Loss of Cdh1 Triggers Premature Senescence in Part via Activation of Both the RB/E2F1 and the CLASPIN/CHK1/P53 Tumor Suppressor Pathways

  • Shavali Shaik
  • Pengda Liu
  • Zhiwei Wang
  • Wenyi Wei
Part of the Tumor Dormancy and Cellular Quiescence and Senescence book series (DOQU, volume 2)


Senescence is recently characterized as one of the evolutionarily conserved protective mechanisms against tumor development. Several upstream factors including oxidative stress, DNA damage and overexpression of certain oncoproteins have been shown to induce premature senescence. Interestingly, it has been discovered that instead of promoting tumorigenesis, loss of certain tumor suppressors such as TSC2, PTEN and NF1 induce premature senescence under certain conditions, presumably by activating the downstream oncoproteins mTORC1/S6k, Akt and Ras, respectively. Interestingly, it has been observed by multiple groups that acute loss of Cdh1 also leads to premature senescence in several cellular settings including mouse embryonic fibroblasts and human primary fibroblasts. This is in part due to the fact that Cdh1 loss leads to stabilization of Ets2, which increases p16 expression and causes premature senescence. Moreover, recent studies from our laboratory further suggested that loss of Cdh1 results in the activation of both the Claspin/Chk1/p53 and the Rb/E2F1 pathways, which ultimately leads to premature senescence in primary human fibroblasts but not in transformed cells with defective p53/Rb pathways. Therefore, our studies support the idea that onset of premature senescence serves as a protection mechanism against sporadic tumorigenesis. It also indicates that loss of Cdh1 tumor suppressor is a relatively late event, which only benefits tumorigenesis for late stage tumors with defective Rb and p53 tumor suppressor pathways. More importantly, our results also indicate that Cdh1 could be an anti-cancer target in certain settings, as complete inactivation of Cdh1 in early stage tumors with wild-type p53 and Rb pathways will lead to induction of premature senescence, thereby aiding tumor regression.
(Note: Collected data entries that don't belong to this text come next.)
(* There is no graded Poisson-Lie structure on $\mathcal M$ prolonging the Sklyanin bracket which is differential, i.e. which satisfies ${\bf d}\{f,h\}=\{{\bf d}f,h\}+(-1)^{\deg f}\{f,{\bf d}h\}$ for all $f,h\in\mathcal M$. (For instance, for either structure of Type I or II one has $\{{\bf d}a,b\}+\{a,{\bf d}b\}=-2ab\theta^0-(3+2bc)\theta^1\neq -2ab\theta^0-(1+2bc)\theta^1={\bf d}\{a,b\}$.)
   Context: $\mathcal A$ is the commutative algebra generated by $a,b,c,d$ (entries of $T=\begin{pmatrix}a&b\\c&d\end{pmatrix}$) modulo $ad-bc=1$, with $\Delta(T)=T\otimes T$. Sklyanin bracket: $\{a,b\}=-ab,\ \{a,c\}=-ac,\ \{b,d\}=-bd,\ \{c,d\}=-cd,\ \{c,b\}=0,\ \{a,d\}=-2bc$. $\mathcal M$ is the $\mathbb Z_2$-graded commutative algebra generated by even $a,b,c,d$ and odd $\theta^0,\theta^1,\theta^2$, with even generators central, $\theta^i\theta^j=-\theta^j\theta^i$, and $ad-bc=1$. Coactions: $\Delta_R\theta^i=\theta^i\otimes1$; $\Delta_L\theta^0=(1+2bc)\otimes\theta^0-ac\otimes\theta^1+bd\otimes\theta^2$, $\Delta_L\theta^1=-2ab\otimes\theta^0+a^2\otimes\theta^1-b^2\otimes\theta^2$, $\Delta_L\theta^2=2cd\otimes\theta^0-c^2\otimes\theta^1+d^2\otimes\theta^2$, extended multiplicatively. A graded Poisson bracket on $\mathcal M$ satisfies graded symmetry $\{x,y\}=(-1)^{\deg x\deg y+1}\{y,x\}$, graded Leibniz $\{xy,z\}=x\{y,z\}+(-1)^{\deg y\deg z}\{x,z\}y$, and super Jacobi $(-1)^{\deg x\deg z}\{\{x,y\},z\}+(-1)^{\deg y\deg z}\{\{z,x\},y\}+(-1)^{\deg x\deg y}\{\{y,z\},x\}=0$; it extends to $\mathcal M\otimes\mathcal M$ by $\{x\otimes y,z\otimes w\}=(-1)^{\deg y\deg z}(\{x,z\}\otimes yw+xz\otimes\{y,w\})$. It is graded Poisson-Lie if $\Delta\{f,h\}=\{\Delta f,\Delta h\}$ ($f,h\in\mathcal A$), $\Delta_{L,R}\{\theta^i,f\}=\{\Delta_{L,R}\theta^i,\Delta f\}$ ($f\in\mathcal A$) and $\Delta_{L,R}\{\theta^i,\theta^j\}=\{\Delta_{L,R}\theta^i,\Delta_{L,R}\theta^j\}$; it prolongs the Sklyanin bracket if it restricts to it on $\mathcal A$. The exterior derivative ${\bf d}:\mathcal M\to\mathcal M$ is the odd derivation (${\bf d}(xy)={\bf d}x\,y+(-1)^{\deg x}x\,{\bf d}y$, ${\bf d}^2=0$) determined on generators by ${\bf d}T=\theta T$ and ${\bf d}\theta=\theta\theta$, where $\theta=\begin{pmatrix}\theta^0&\theta^1\\ \theta^2&-\theta^0\end{pmatrix}$ and products are matrix products. *)

theory Defs
  imports Complex_Main
begin
(* Let $a\in\mathbb{R}$ and let the polynomials $H_m(z)$ be defined by the generating function \[ \sum_{m=0}^{\infty}H_m(z)t^m=\frac{1}{1+t+at^2+zt^3}. \] If $-1\le a\le 1/3$, then for every $m$ the zeros of $H_m(z)$ lie in the real interval \[ I_a=\left(-\infty,\ \frac{-2+9a-2\sqrt{(1-3a)^3}}{27}\right], \] and $\bigcup_{m=0}^{\infty}\mathcal{Z}(H_m)$ is dense in $I_a$.
   Context: $\mathcal{Z}(H_m)$ denotes the set of zeros of $H_m(z)$. Convention: the zeros of the constant zero polynomial are considered real (and the statement about their location is vacuous). *)

theory Defs
  imports "HOL-Analysis.Analysis" "HOL-Computational_Algebra.Polynomial"
begin

text \<open>H a m is the coefficient of t^m in 1/(1 + t + a t^2 + z t^3), as a real polynomial in z.\<close>
fun H :: "real \<Rightarrow> nat \<Rightarrow> real poly" where
  "H a 0 = 1"
| "H a (Suc 0) = -1"
| "H a (Suc (Suc 0)) = [:1 - a:]"
| "H a (Suc (Suc (Suc n))) =
     - H a (Suc (Suc n)) - smult a (H a (Suc n)) - [:0, 1:] * H a n"

definition Hzeros :: "real \<Rightarrow> nat \<Rightarrow> complex set" where
  "Hzeros a m = {z. poly (map_poly complex_of_real (H a m)) z = 0}"

definition Ia :: "real \<Rightarrow> real set" where
  "Ia a = {.. (-2 + 9 * a - 2 * sqrt ((1 - 3 * a) ^ 3)) / 27}"

end

theory Submission
  imports Defs "HOL-Real_Asymp.Real_Asymp"
begin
Anaphase-promoting complex (APC/C) Cyclin-dependent protein kinases (Cdks) DNA binding activity of p53 DNA damage Expression of PTEN Mouse embryonic fibroblasts (MEFs) Regulation of Cdh1 Skp1-Cullin1-F-box complex (SCF) Ubiquitin proteasome system (UPS) 



This work was supported in part from the grants (GM089763 and GM094777) from National Institutes of Health to Wenyi Wei. Shavali Shaik, Pengda Liu and Zhiwei Wang were supported by the institutional NRSA T-32 training grant.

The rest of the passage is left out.